How wide would you guess did he make the seams?
Got any pictures?

Any new drywall should have been primed and painted to coats, not the so called primer in one.


----------



## wildhic (Nov 27, 2011)

thankyou for the quick reply.

I will try to get some pictures uploaded when i get home.

The seams are ~12" wide, 6" on each side. A 12" knife has ~1/8" gap at the crown.

If it turns out I do need to sand it all down, what would be my non-pro sander option?

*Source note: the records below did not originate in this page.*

lemma simple_temporal_clique_reverse_time:
  assumes "simple_temporal_clique V lam"
  shows "simple_temporal_clique V (reverse_time V lam)"
  unfolding simple_temporal_clique_def
proof (intro conjI ballI impI)
  show "finite V" using simple_temporal_clique_finite[OF assms] .
  fix x y z assume "x \<in> V" "y \<in> V" "z \<in> V" "x \<noteq> y \<and> x \<noteq> z \<and> y \<noteq> z"
  then have "lam {x,y} \<noteq> lam {x,z}" using simple_temporal_clique_label_inj[OF assms] by blast
  then show "reverse_time V lam {x,y} \<noteq> reverse_time V lam {x,z}"
    by (simp add: reverse_time_edge_eq_iff \<open>finite V\<close> \<open>x \<in> V\<close> \<open>y \<in> V\<close> \<open>z \<in> V\<close>)
qed

lemma Eplus_cand_reverse_time:
  assumes "finite V"
  shows "Eplus_cand V lam = (Eminus_cand V (reverse_time V lam))\<inverse>"
proof -
  have "(v,u) \<in> Eplus_cand V lam \<longleftrightarrow> (u,v) \<in> Eminus_cand V (reverse_time V lam)" for u v
    unfolding Eplus_cand_def Eminus_cand_def
    by (auto simp: reverse_time_edge_le_iff[OF assms] insert_commute)
  then show ?thesis by auto
qed

lemma out_deg_ge2_converse: "out_deg_ge2 (A\<inverse>) v \<longleftrightarrow> in_deg_ge2 A v"
  unfolding out_deg_ge2_def in_deg_ge2_def by simp
theorem corollary1p15:
  fixes p :: nat
  assumes "Factorial_Ring.prime p" and "p \<noteq> 2"
  shows "Sigma_strongly_clean (C3_group_ring p)"
  unfolding Sigma_strongly_clean_def
proof
  let ?R = "C3_group_ring p"
  fix x assume "x \<in> carrier ?R"
  then obtain a0 a1 a2 where x: "x = (a0, a1, a2)"
    and a: "a0 \<in> Zloc p" "a1 \<in> Zloc p" "a2 \<in> Zloc p"
    by (cases x) simp
  define g where "g = ((0, 1, 0) :: rat \<times> rat \<times> rat)"
  have g: "g \<in> Units ?R"
    unfolding g_def by (rule C3_generator_unit)
  have g2: "g \<otimes>\<^bsub>?R\<^esub> g \<in> Units ?R"
    by (intro C3.Units_m_closed g)
  have "x = (a0, 0, 0) \<oplus>\<^bsub>?R\<^esub> ((a1, 0, 0) \<otimes>\<^bsub>?R\<^esub> g \<oplus>\<^bsub>?R\<^esub> (a2, 0, 0) \<otimes>\<^bsub>?R\<^esub> (g \<otimes>\<^bsub>?R\<^esub> g))"
    by (simp add: x g_def)
  moreover have "unit_sum ?R (2 + (2 + 2)) \<dots>"
    using C3_scalar_unit_sum[OF assms] a g g2
    by (intro C3.unit_sum_add C3.unit_sum_mult_unit) auto
  ultimately have "unit_sum ?R 6 x"
    by simp
  then show "Sigma_strongly_clean_elem ?R x"
    by (rule C3.unit_sum_Sigma_strongly_clean) simp
qed

end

I own a RO palm sander but that's it.


----------



## princelake (Feb 19, 2012)

i would just give them a light scuff and feather out all the nasties. the only issues i for see is that you may get some bubbling and you can prime the area where you plan on applying the mud. second if there is no primer under that paint theres a good chance that the paint will peel off in almost sheets. in the future if you bump or scrap the wall or even drag your drywall knife on it that paint will peel like a banana. there is no magic fix for this other then when it occurs peel it till it stops. skim prime paint. you will be reminded of this hack for years to come.


----------



## ToolSeeker (Sep 19, 2012)

monkeesee said:


> Hola,
> 
> The [expletive] person who mudded and painted my basement did not feather the perpendicular butt joints and so there are these attractive looking 4' long bumps every 6-8 feet. I have looked around and understand I will have to redo the seams, but here are my questions:
> 
> ...


1-Yes sand down to the tape or almost- see #4
2-Yes you will need to prime and re-coat.Although this is bad paint I don't believe it is going to peel easily. Try, but probably just prime and recoat. On red wall try a gray primer.
3-Yes Be careful to remember thin coats, and feather out farther with each one.
4-Not sure what you mean by ripples but if they come out as you sand, good. If they do not, bad, as this probably means the paper tape is wrinkled or has air bubbles in it. If this proves too be the case remove the tape and start over.


----------



## wildhic (Nov 27, 2011)

ToolSeeker said:


> 1-Yes sand down to the tape or almost- see #4
> 2-Yes you will need to prime and re-coat.Although this is bad paint I don't believe it is going to peel easily. Try, but probably just prime and recoat. On red wall try a gray primer.
> 3-Yes Be careful to remember thin coats, and feather out farther with each one.
> 4-Not sure what you mean by ripples but if they come out as you sand, good. If they do not, bad, as this probably means the paper tape is wrinkled or has air bubbles in it. If this proves too be the case remove the tape and start over.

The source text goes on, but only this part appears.